### [Task prompt]
Please copy exactly the lines that run from the start of the entries to the line containing "x^1 * cos (2*pi*n*x)) has_integral", inclusive.

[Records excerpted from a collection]
lemma has_integral_x0_cos:
  fixes n :: real
  assumes "n \<noteq> 0"
  shows "((\<lambda>x. x^0 * cos (2*pi*n*x)) has_integral sin (pi*n/2) / (2*pi*n)) {0..1/4}"
proof -
  define w where "w = 2*pi*n"
  have w: "w \<noteq> 0" "w * (1/4) = pi*n/2"
    using assms by (simp_all add: w_def)
  define F where "F x = sin (w*x) / w" for x
  have "((\<lambda>x. x^0 * cos (w*x)) has_integral F (1/4) - F 0) {0..1/4}"
    using w by (intro has_integral_real_antiderivative) (auto intro!: derivative_eq_intros simp: F_def)
  moreover have "F (1/4) - F 0 = sin (pi*n/2) / (2*pi*n)"
    unfolding F_def w(2) by (simp add: w_def)
  ultimately show ?thesis
    by (simp add: w_def)
qed

lemma has_integral_x1_cos:
  fixes n :: real
  assumes "n \<noteq> 0"
  shows "((\<lambda>x. x^1 * cos (2*pi*n*x)) has_integral
           sin (pi*n/2) / (8*pi*n) + (cos (pi*n/2) - 1) / (4*pi^2*n^2)) {0..1/4}"
proof -
  define w where "w = 2*pi*n"
  have w: "w \<noteq> 0" "w * (1/4) = pi*n/2"
    using assms by (simp_all add: w_def)
  define F where "F x = x * sin (w*x) / w + cos (w*x) / w^2" for x
  have "((\<lambda>x. x^1 * cos (w*x)) has_integral F (1/4) - F 0) {0..1/4}"
    using w by (intro has_integral_real_antiderivative)
      (auto intro!: derivative_eq_intros simp: F_def field_simps power2_eq_square)
  moreover have "F (1/4) - F 0 = sin (pi*n/2) / (8*pi*n) + (cos (pi*n/2) - 1) / (4*pi^2*n^2)"
    unfolding F_def w(2) using assms by (simp add: w_def field_simps power2_eq_square)
  ultimately show ?thesis
    by (simp add: w_def)
qed

lemma has_integral_x2_cos:
  fixes n :: real
  assumes "n \<noteq> 0"
  shows "((\<lambda>x. x^2 * cos (2*pi*n*x)) has_integral
           sin (pi*n/2) / (32*pi*n) + cos (pi*n/2) / (8*pi^2*n^2) - sin (pi*n/2) / (4*pi^3*n^3)) {0..1/4}"
proof -
  define w where "w = 2*pi*n"
  have w: "w \<noteq> 0" "w * (1/4) = pi*n/2"
    using assms by (simp_all add: w_def)
  define F where "F x = x^2 * sin (w*x) / w + 2*x * cos (w*x) / w^2 - 2 * sin (w*x) / w^3" for x
  have "((\<lambda>x. x^2 * cos (w*x)) has_integral F (1/4) - F 0) {0..1/4}"
    using w by (intro has_integral_real_antiderivative)
      (auto intro!: derivative_eq_intros simp: F_def field_simps power2_eq_square power3_eq_cube)
  moreover have "F (1/4) - F 0 =
      sin (pi*n/2) / (32*pi*n) + cos (pi*n/2) / (8*pi^2*n^2) - sin (pi*n/2) / (4*pi^3*n^3)"
    unfolding F_def w(2) using assms by (simp add: w_def field_simps power2_eq_square power3_eq_cube)
  ultimately show ?thesis
    by (simp add: w_def)
qed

### [Response to this task]
lemma has_integral_x0_cos:
  fixes n :: real
  assumes "n \<noteq> 0"
  shows "((\<lambda>x. x^0 * cos (2*pi*n*x)) has_integral sin (pi*n/2) / (2*pi*n)) {0..1/4}"
proof -
  define w where "w = 2*pi*n"
  have w: "w \<noteq> 0" "w * (1/4) = pi*n/2"
    using assms by (simp_all add: w_def)
  define F where "F x = sin (w*x) / w" for x
  have "((\<lambda>x. x^0 * cos (w*x)) has_integral F (1/4) - F 0) {0..1/4}"
    using w by (intro has_integral_real_antiderivative) (auto intro!: derivative_eq_intros simp: F_def)
  moreover have "F (1/4) - F 0 = sin (pi*n/2) / (2*pi*n)"
    unfolding F_def w(2) by (simp add: w_def)
  ultimately show ?thesis
    by (simp add: w_def)
qed

lemma has_integral_x1_cos:
  fixes n :: real
  assumes "n \<noteq> 0"
  shows "((\<lambda>x. x^1 * cos (2*pi*n*x)) has_integral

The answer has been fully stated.